* TASK DETAILS:
Give back only the lines in the records below from the one with "using leaf_PNode_vertices_unique_clique[OF assms(3)" to the one with "using C0 assms(4,5) cl by blast", both inclusive, word for word.

*** GIVEN INFORMATION ***

lemma cliques_PNode_containing_child_vertex:
  assumes ok: "node_ok (PNode S cs)" and "c \<in> set cs" "v \<in> allverts c"
  shows "{C \<in> set (cliques (PNode S cs)). v \<in> C} = (\<union>) S ` {D \<in> set (cliques c). v \<in> D}"
proof
  have child_unique: "c' = c" if "c' \<in> set cs" "v \<in> allverts c'" for c'
  proof (rule ccontr)
    assume "c' \<noteq> c"
    obtain i j where "i < length cs" "j < length cs" "cs ! i = c" "cs ! j = c'"
      using \<open>c \<in> set cs\<close> \<open>c' \<in> set cs\<close> by (meson in_set_conv_nth)
    with \<open>c' \<noteq> c\<close> have "allverts c \<inter> allverts c' = {}" using ok by (metis node_ok.simps(1))
    then show False using \<open>v \<in> allverts c\<close> \<open>v \<in> allverts c'\<close> by blast
  qed
  have "v \<notin> S" using ok \<open>c \<in> set cs\<close> \<open>v \<in> allverts c\<close> by auto
  show "{C \<in> set (cliques (PNode S cs)). v \<in> C} \<subseteq> (\<union>) S ` {D \<in> set (cliques c). v \<in> D}"
  proof clarify
    fix C assume "C \<in> set (cliques (PNode S cs))" "v \<in> C"
    then obtain c' D where "c' \<in> set cs" "D \<in> set (cliques c')" "C = S \<union> D"
      using \<open>c \<in> set cs\<close> by (auto split: if_splits)
    moreover have "v \<in> D" using \<open>v \<in> C\<close> \<open>v \<notin> S\<close> \<open>C = S \<union> D\<close> by blast
    moreover have "c' = c"
      using child_unique \<open>c' \<in> set cs\<close> cliques_subset_allverts[OF \<open>D \<in> set (cliques c')\<close>] \<open>v \<in> D\<close> by blast
    ultimately show "C \<in> (\<union>) S ` {D \<in> set (cliques c). v \<in> D}" by blast
  qed
  show "(\<union>) S ` {D \<in> set (cliques c). v \<in> D} \<subseteq> {C \<in> set (cliques (PNode S cs)). v \<in> C}"
    using \<open>c \<in> set cs\<close> by auto
qed

lemma cliques_QNode_containing_child_vertex:
  assumes ok: "node_ok (QNode ps)" and "(Si, Some c) \<in> set ps" "v \<in> allverts c"
  shows "{C \<in> set (cliques (QNode ps)). v \<in> C} = (\<union>) Si ` {D \<in> set (cliques c). v \<in> D}"
proof
  obtain i where i: "i < length ps" "ps ! i = (Si, Some c)"
    using \<open>(Si, Some c) \<in> set ps\<close> by (meson in_set_conv_nth)
  have v_i: "v \<in> optverts (snd (ps ! i))" using i \<open>v \<in> allverts c\<close> by (simp add: optverts_def)
  have sections_disjoint: "\<forall>i<length ps. (\<Union>j<length ps. fst (ps ! j)) \<inter> optverts (snd (ps ! i)) = {}"
    and subtrees_disjoint: "\<forall>i<length ps. \<forall>j<length ps. i \<noteq> j \<longrightarrow> optverts (snd (ps ! i)) \<inter> optverts (snd (ps ! j)) = {}"
    using ok by (simp_all add: Let_def)
  show "{C \<in> set (cliques (QNode ps)). v \<in> C} \<subseteq> (\<union>) Si ` {D \<in> set (cliques c). v \<in> D}"
  proof clarify
    fix C assume "C \<in> set (cliques (QNode ps))" "v \<in> C"
    then obtain Sj t where "(Sj, t) \<in> set ps"
      and C: "C \<in> set (case t of None \<Rightarrow> [Sj] | Some c' \<Rightarrow> map ((\<union>) Sj) (cliques c'))"
      by auto
    then obtain j where j: "j < length ps" "ps ! j = (Sj, t)" by (meson in_set_conv_nth)
    have "v \<notin> Sj" using sections_disjoint i(1) j v_i by force
    then obtain c' D where t: "t = Some c'" and D: "D \<in> set (cliques c')" "C = Sj \<union> D" "v \<in> D"
      using C \<open>v \<in> C\<close> by (auto split: option.splits)
    have "v \<in> optverts (snd (ps ! j))"
      using cliques_subset_allverts[OF D(1)] D(3) j(2) t by (auto simp: optverts_def)
    then have "j = i" using subtrees_disjoint i(1) j(1) v_i by blast
    then show "C \<in> (\<union>) Si ` {D \<in> set (cliques c). v \<in> D}" using i j t D by auto
  qed
  show "(\<union>) Si ` {D \<in> set (cliques c). v \<in> D} \<subseteq> {C \<in> set (cliques (QNode ps)). v \<in> C}"
    using \<open>(Si, Some c) \<in> set ps\<close> by force
qed

lemma leaf_PNode_vertices_unique_clique:
  "PNode S [] \<in> set (subtrees T) \<Longrightarrow> \<forall>N\<in>set (subtrees T). node_ok N \<Longrightarrow>
   \<exists>C0\<in>set (cliques T). \<forall>x\<in>S. {C \<in> set (cliques T). x \<in> C} = {C0}"
proof (induction T rule: subtrees.induct)
  case (1 S' cs)
  show ?case
  proof (cases "PNode S [] = PNode S' cs")
    case True
    then show ?thesis by auto
  next
    case False
    with "1.prems"(1) obtain c where c: "c \<in> set cs" "PNode S [] \<in> set (subtrees c)" by auto
    have "\<forall>N\<in>set (subtrees c). node_ok N" using "1.prems"(2) c(1) by auto
    then obtain C0 where "C0 \<in> set (cliques c)" and C0: "\<forall>x\<in>S. {C \<in> set (cliques c). x \<in> C} = {C0}"
      using "1.IH"[OF c] by blast
    have ok: "node_ok (PNode S' cs)" using "1.prems"(2) by simp
    have "{C \<in> set (cliques (PNode S' cs)). x \<in> C} = {S' \<union> C0}" if "x \<in> S" for x
    proof -
      have "x \<in> allverts c" using allverts_subtree_subset[OF c(2)] that by auto
      then show ?thesis using cliques_PNode_containing_child_vertex[OF ok c(1)] C0 that by simp
    qed
    moreover have "S' \<union> C0 \<in> set (cliques (PNode S' cs))" using c(1) \<open>C0 \<in> set (cliques c)\<close> by auto
    ultimately show ?thesis by blast
  qed
next
  case (2 ps)
  from "2.prems"(1) obtain Si c where c: "(Si, Some c) \<in> set ps" "PNode S [] \<in> set (subtrees c)"
    by (auto split: option.splits)
  have "\<forall>N\<in>set (subtrees c). node_ok N" using "2.prems"(2) c(1) by (force split: option.splits)
  then obtain C0 where "C0 \<in> set (cliques c)" and C0: "\<forall>x\<in>S. {C \<in> set (cliques c). x \<in> C} = {C0}"
    using "2.IH"[OF c(1) refl _ c(2)] by blast
  have ok: "node_ok (QNode ps)" using "2.prems"(2) by simp
  have "{C \<in> set (cliques (QNode ps)). x \<in> C} = {Si \<union> C0}" if "x \<in> S" for x
  proof -
    have "x \<in> allverts c" using allverts_subtree_subset[OF c(2)] that by auto
    then show ?thesis using cliques_QNode_containing_child_vertex[OF ok c(1)] C0 that by simp
  qed
  moreover have "Si \<union> C0 \<in> set (cliques (QNode ps))" using c(1) \<open>C0 \<in> set (cliques c)\<close> by force
  ultimately show ?case by blast
qed

theorem mainTheorem3:
  fixes V :: "'a set" and E :: "'a set set" and T :: "'a mpq"
    and S :: "'a set" and x y :: 'a
  assumes "interval_graph V E"
    and "is_mpq_tree V E T"
    and "PNode S [] \<in> set (subtrees T)"
    and "x \<in> S" and "y \<in> S" and "x \<noteq> y"
  shows "interval_graph V (E - {{x, y}})"
proof -
  have ok: "\<forall>N\<in>set (subtrees T). node_ok N" and cl: "set (cliques T) = max_cliques V E"
    using assms(2) by (auto simp: is_mpq_tree_def)
  obtain C0 where "C0 \<in> set (cliques T)" and C0: "\<forall>w\<in>S. {C \<in> set (cliques T). w \<in> C} = {C0}"
    using leaf_PNode_vertices_unique_clique[OF assms(3) ok] by blast
  have "x \<in> C0" "y \<in> C0" using C0 assms(4,5) by blast+
  moreover have "\<forall>w\<in>{x, y}. \<forall>M\<in>max_cliques V E. w \<in> M \<longrightarrow> M = C0"
    using C0 assms(4,5) cl by blast
  moreover have "C0 \<in> max_cliques V E" using \<open>C0 \<in> set (cliques T)\<close> cl by simp
  ultimately show ?thesis
    using interval_graph_delete_edge_in_unique_max_clique[OF assms(1,6)] by blast
qed
end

*** End of GIVEN INFORMATION ***

* ANSWER TO THE EXERCISE:
    using leaf_PNode_vertices_unique_clique[OF assms(3) ok] by blast
  have "x \<in> C0" "y \<in> C0" using C0 assms(4,5) by blast+
  moreover have "\<forall>w\<in>{x, y}. \<forall>M\<in>max_cliques V E. w \<in> M \<longrightarrow> M = C0"
    using C0 assms(4,5) cl by blast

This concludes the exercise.